On alert for the increase in cholera cases worldwide, the agency of the United Nations Organization (UN) stresses that this “is an emergency”, arguing that it is necessary to “intensify immunization to contain” this scenario.

However, the biggest problem is access to the vaccine and a WHO partner in this area, the Gavi Global Vaccination Alliance, has already warned that the lack of doses must persist until 2025, the UN News portal reported.

According to Gavi, it is possible to guarantee a large-scale delivery of doses for preventive vaccination by 2026, but for that, countries must act urgently.

Currently, 24 countries have cases of cholera and, according to the WHO, the disease could spread to 43 nations, putting a billion people at risk.

Factors for people to become infected include poverty, conflict, climate change and displacement.

“The movements move people away from safer sources of food, water and medical care,” warns the WHO.

Cholera cases and deaths increased last year, expanding to nine new regions, particularly those in conflict and with high levels of poverty.

The situation prompted the WHO and its partners to temporarily change the regimen of doses administered for prevention from two to one.

However, the reserves were exhausted in December, adds the portal.

By the end of 2022, a total of 15 countries had reported cases, a number that by May reached 24 nations.

Mozambique is one of the countries with an increase in patients in the decade of seasonal change in cholera cases.

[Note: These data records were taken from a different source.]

lemma eps_rel_exists:
  assumes pl: "pred_liftings TO TM ar lift" and sp: "singleton_preserving ar lift"
  shows "\<phi> \<in> E0 ar \<Longrightarrow> \<exists>t. eps_rel ar lift \<phi> t \<and> t \<in> TO (Inl ` E0 ar)"
proof (induction "leading_nus \<phi>" arbitrary: \<phi> rule: less_induct)
  case less
  show ?case
  proof (cases \<phi>)
    case (Var z)
    then show ?thesis using less.prems by (auto simp: E0_def)
  next
    case (Nu x \<psi>)
    then have "subst x (Nu x \<psi>) \<psi> \<in> E0 ar" "leading_nus (subst x (Nu x \<psi>) \<psi>) < leading_nus \<phi>"
      using Nu_unfold_in_E0 leading_nus_Nu_unfold less.prems by auto
    then obtain t where "eps_rel ar lift (subst x (Nu x \<psi>) \<psi>) t" "t \<in> TO (Inl ` E0 ar)"
      using less.hyps by blast
    then show ?thesis using Nu by (auto intro: eps_nu)
  next
    case (Mod L \<phi>s)
    have \<phi>s: "length \<phi>s = ar L" "\<forall>\<psi>\<in>set \<phi>s. \<psi> \<in> E0 ar"
      using Mod_in_E0D[of L \<phi>s ar] less.prems Mod by auto
    obtain t where t: "lift L (Inl ` E0 ar) (map (\<lambda>x. {x}) (map Inl \<phi>s)) = {t}"
      by (rule lift_singletonsE[OF sp, of "map Inl \<phi>s" L "Inl ` E0 ar"]) (use \<phi>s in auto)
    have "lift L (Inl ` E0 ar) (map (\<lambda>x. {x}) (map Inl \<phi>s)) \<subseteq> TO (Inl ` E0 ar)"
      by (rule lift_subset_TO[OF pl]) (use \<phi>s in auto)
    then show ?thesis using t Mod eps_mod[of lift L ar \<phi>s t] by (auto simp: comp_def)
  qed
qed

lemma eps_coalg_rel:
  assumes "pred_liftings TO TM ar lift" and "singleton_preserving ar lift" and "\<phi> \<in> E0 ar"
  shows "eps_rel ar lift \<phi> (eps_coalg ar lift (Inl \<phi>)) \<and> eps_coalg ar lift (Inl \<phi>) \<in> TO (Inl ` E0 ar)"
proof -
  obtain t where t: "eps_rel ar lift \<phi> t" "t \<in> TO (Inl ` E0 ar)"
    using eps_rel_exists[OF assms] by blast
  then have "(THE t. eps_rel ar lift \<phi> t) = t"
    by (blast intro: the_equality eps_rel_unique)
  then show ?thesis using t by (simp add: eps_coalg_def)
qed

lemma is_coalg_eps:
  "pred_liftings TO TM ar lift \<Longrightarrow> singleton_preserving ar lift \<Longrightarrow>
   is_coalg TO (Inl ` E0 ar) (eps_coalg ar lift)"
  using eps_coalg_rel unfolding is_coalg_def by blast

lemma eps_coalg_Mod:
  assumes "pred_liftings TO TM ar lift" and "singleton_preserving ar lift" and "Mod L \<phi>s \<in> E0 ar"
  shows "lift L (Inl ` E0 ar) (map (\<lambda>\<phi>. {Inl \<phi>}) \<phi>s) = {eps_coalg ar lift (Inl (Mod L \<phi>s))}"
  using eps_coalg_rel[OF assms] by (auto elim: eps_ModE)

The risk is that there will be setbacks, after the advances in the control of the disease in previous decades.

The WHO estimates that an additional 10 million units of vaccines were used to respond to outbreaks between 2021 and 2022.

Demand was higher than the previous decade combined, he added.

For Gavi’s managing director of Vaccine Markets and Health Security, Derrick Sim, “the good news is that there are doses to continue covering all emergency demand, despite the increase in outbreaks.”

For Derrick Sim, it is the obligation of the authorities to “prevent outbreaks”, in addition to making collective efforts to revitalize prevention programs.

The WHO had already warned of a bleak outlook regarding the prospects for controlling the disease in the short term.